BEGIN RECORDS TO USE

(* Let $\widetilde C,\widetilde C',\widetilde C''$ be $r$-perfect $\mathcal S$-complexes, and let $\widetilde\lambda:\widetilde C\to\widetilde C'$ and $\widetilde\lambda':\widetilde C'\to\widetilde C''$ be height $n$ and height $m$ morphisms respectively ($n,m\ge0$). Then $\widetilde\lambda'\widetilde\lambda$ is a height $n+m$ morphism. If moreover $\widetilde\lambda$ is strong height $n$ and $\widetilde\lambda'$ is strong height $m$, then $\widetilde\lambda'\widetilde\lambda$ is strong height $n+m$.
   Context: Let $R$ be a commutative ring; graded modules are $\mathbb Z$-graded, $V[i]_j=V_{i+j}$, differentials have degree $-1$. An $\mathcal S$-complex over $R$ is a chain complex $(\widetilde C,\widetilde d)$ of finitely generated free graded $R$-modules with a graded decomposition $\widetilde C=C\oplus C[-1]\oplus\mathsf R$ in which $\widetilde d=\begin{pmatrix} d&0&0\\ v&-d&\delta_2\\ \delta_1&0&r\end{pmatrix}$; it is $r$-perfect if $\mathsf R$ is supported in even degrees (so $r=0$). A degree $k$ morphism is an $R$-linear map of degree $k$ of the form $\begin{pmatrix}\lambda&0&0\\ \mu&\lambda&\Delta_2\\ \Delta_1&0&\rho\end{pmatrix}$ with $\widetilde d'\widetilde\lambda=\widetilde\lambda\widetilde d$; composition is composition of maps. For such a morphism between $r$-perfect complexes set $\tau_0=\rho$ and for $i\ge0$, $\tau_{i+1}=\delta_1'v'^i\Delta_2+\Delta_1v^i\delta_2+\sum_{j=0}^{i-1}\delta_1'v'^j\mu v^{i-1-j}\delta_2$. A height $n$ morphism ($n\ge0$) is an even degree morphism between $r$-perfect $\mathcal S$-complexes with $\tau_j=0$ for all $0\le j<n$; it is strong height $n$ if in addition $\tau_n$ is an isomorphism. *)

theory Defs
  imports "Jordan_Normal_Form.Matrix"
begin

text \<open>The ground ring is a commutative ring with unit ('a :: comm_ring_1),
concentrated in degree 0.  A finitely generated free graded module is a finite direct sum
of shifted copies of the ring; it is encoded by the list of degrees of a homogeneous basis.
An R-linear map of degree k between such modules is a matrix (rows = target basis,
columns = source basis) whose (i,j) entry vanishes unless deg target_i = deg source_j + k.\<close>

definition graded_map :: "int \<Rightarrow> int list \<Rightarrow> int list \<Rightarrow> 'a :: zero mat \<Rightarrow> bool" where
  "graded_map k ds dt M \<longleftrightarrow> M \<in> carrier_mat (length dt) (length ds) \<and>
     (\<forall>i < length dt. \<forall>j < length ds. M $$ (i, j) \<noteq> 0 \<longrightarrow> dt ! i = ds ! j + k)"

definition blk :: "'a mat \<Rightarrow> nat \<Rightarrow> nat \<Rightarrow> nat \<Rightarrow> nat \<Rightarrow> 'a mat" where
  "blk M r0 nr c0 nc = mat nr nc (\<lambda>(i, j). M $$ (r0 + i, c0 + j))"

text \<open>An S-complex is given by (degrees of a basis of C, degrees of a basis of R, differential
of the total module  C \<oplus> C[-1] \<oplus> R).  Since C[-1]_j = C_(j-1), a basis element of C of degree d
sits in degree d+1 in C[-1].  The total basis is ordered: C, then C[-1], then R.\<close>
type_synonym 'a scx = "int list \<times> int list \<times> 'a mat"

definition cdeg :: "'a scx \<Rightarrow> int list" where "cdeg X = fst X"
definition rdeg :: "'a scx \<Rightarrow> int list" where "rdeg X = fst (snd X)"
definition dif :: "'a scx \<Rightarrow> 'a mat" where "dif X = snd (snd X)"

definition nC :: "'a scx \<Rightarrow> nat" where "nC X = length (cdeg X)"
definition nR :: "'a scx \<Rightarrow> nat" where "nR X = length (rdeg X)"

definition totdeg :: "'a scx \<Rightarrow> int list" where
  "totdeg X = cdeg X @ map (\<lambda>d. d + 1) (cdeg X) @ rdeg X"

text \<open>Blocks (row block, column block) with indices 0 = C, 1 = C[-1], 2 = R.\<close>
definition bsize :: "'a scx \<Rightarrow> nat \<Rightarrow> nat" where
  "bsize X b = (if b = 2 then nR X else nC X)"
definition boff :: "'a scx \<Rightarrow> nat \<Rightarrow> nat" where
  "boff X b = (if b = 0 then 0 else if b = 1 then nC X else 2 * nC X)"

definition mblk :: "'a scx \<Rightarrow> 'a scx \<Rightarrow> 'a mat \<Rightarrow> nat \<Rightarrow> nat \<Rightarrow> 'a mat" where
  "mblk Y X M a b = blk M (boff Y a) (bsize Y a) (boff X b) (bsize X b)"

definition d_of :: "'a scx \<Rightarrow> 'a mat" where "d_of X = mblk X X (dif X) 0 0"
definition v_of :: "'a scx \<Rightarrow> 'a mat" where "v_of X = mblk X X (dif X) 1 0"
definition delta2_of :: "'a scx \<Rightarrow> 'a mat" where "delta2_of X = mblk X X (dif X) 1 2"
definition delta1_of :: "'a scx \<Rightarrow> 'a mat" where "delta1_of X = mblk X X (dif X) 2 0"

definition S_complex :: "'a :: comm_ring_1 scx \<Rightarrow> bool" where
  "S_complex X \<longleftrightarrow>
     graded_map (-1) (totdeg X) (totdeg X) (dif X) \<and>
     dif X * dif X = 0\<^sub>m (length (totdeg X)) (length (totdeg X)) \<and>
     mblk X X (dif X) 0 1 = 0\<^sub>m (nC X) (nC X) \<and>
     mblk X X (dif X) 0 2 = 0\<^sub>m (nC X) (nR X) \<and>
     mblk X X (dif X) 2 1 = 0\<^sub>m (nR X) (nC X) \<and>
     mblk X X (dif X) 1 1 = - d_of X"

definition r_perfect :: "'a :: comm_ring_1 scx \<Rightarrow> bool" where
  "r_perfect X \<longleftrightarrow> S_complex X \<and> (\<forall>e \<in> set (rdeg X). even e)"

text \<open>A degree k morphism X \<rightarrow> Y: a degree k map of the total modules of the block form
(lambda,0,0; mu,lambda,Delta_2; Delta_1,0,rho) commuting with the differentials.\<close>
definition S_morphism :: "int \<Rightarrow> 'a :: comm_ring_1 scx \<Rightarrow> 'a scx \<Rightarrow> 'a mat \<Rightarrow> bool" where
  "S_morphism k X Y L \<longleftrightarrow>
     S_complex X \<and> S_complex Y \<and>
     graded_map k (totdeg X) (totdeg Y) L \<and>
     dif Y * L = L * dif X \<and>
     mblk Y X L 0 1 = 0\<^sub>m (nC Y) (nC X) \<and>
     mblk Y X L 0 2 = 0\<^sub>m (nC Y) (nR X) \<and>
     mblk Y X L 2 1 = 0\<^sub>m (nR Y) (nC X) \<and>
     mblk Y X L 1 1 = mblk Y X L 0 0"

definition mu_of :: "'a scx \<Rightarrow> 'a scx \<Rightarrow> 'a mat \<Rightarrow> 'a mat" where "mu_of X Y L = mblk Y X L 1 0"
definition Delta2_of :: "'a scx \<Rightarrow> 'a scx \<Rightarrow> 'a mat \<Rightarrow> 'a mat" where "Delta2_of X Y L = mblk Y X L 1 2"
definition Delta1_of :: "'a scx \<Rightarrow> 'a scx \<Rightarrow> 'a mat \<Rightarrow> 'a mat" where "Delta1_of X Y L = mblk Y X L 2 0"
definition rho_of :: "'a scx \<Rightarrow> 'a scx \<Rightarrow> 'a mat \<Rightarrow> 'a mat" where "rho_of X Y L = mblk Y X L 2 2"

fun tau :: "nat \<Rightarrow> 'a :: comm_ring_1 scx \<Rightarrow> 'a scx \<Rightarrow> 'a mat \<Rightarrow> 'a mat" where
  "tau 0 X Y L = rho_of X Y L"
| "tau (Suc i) X Y L =
     delta1_of Y * (v_of Y ^\<^sub>m i) * Delta2_of X Y L
     + Delta1_of X Y L * (v_of X ^\<^sub>m i) * delta2_of X
     + mat (nR Y) (nR X) (\<lambda>(a, b). \<Sum>j < i.
          (delta1_of Y * (v_of Y ^\<^sub>m j) * mu_of X Y L * (v_of X ^\<^sub>m (i - 1 - j)) * delta2_of X) $$ (a, b))"

definition iso_mat :: "'a :: comm_ring_1 mat \<Rightarrow> bool" where
  "iso_mat A \<longleftrightarrow> (\<exists>B \<in> carrier_mat (dim_col A) (dim_row A).
       A * B = 1\<^sub>m (dim_row A) \<and> B * A = 1\<^sub>m (dim_col A))"

definition height_mor :: "nat \<Rightarrow> 'a :: comm_ring_1 scx \<Rightarrow> 'a scx \<Rightarrow> 'a mat \<Rightarrow> bool" where
  "height_mor n X Y L \<longleftrightarrow> r_perfect X \<and> r_perfect Y \<and>
     (\<exists>k. even k \<and> S_morphism k X Y L) \<and>
     (\<forall>j < n. tau j X Y L = 0\<^sub>m (nR Y) (nR X))"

END RECORDS TO USE

▸ PROBLEM DESCRIPTION: Work out how many lines above have the string "bool" in them, and give only the number.

▸ REPLY: 6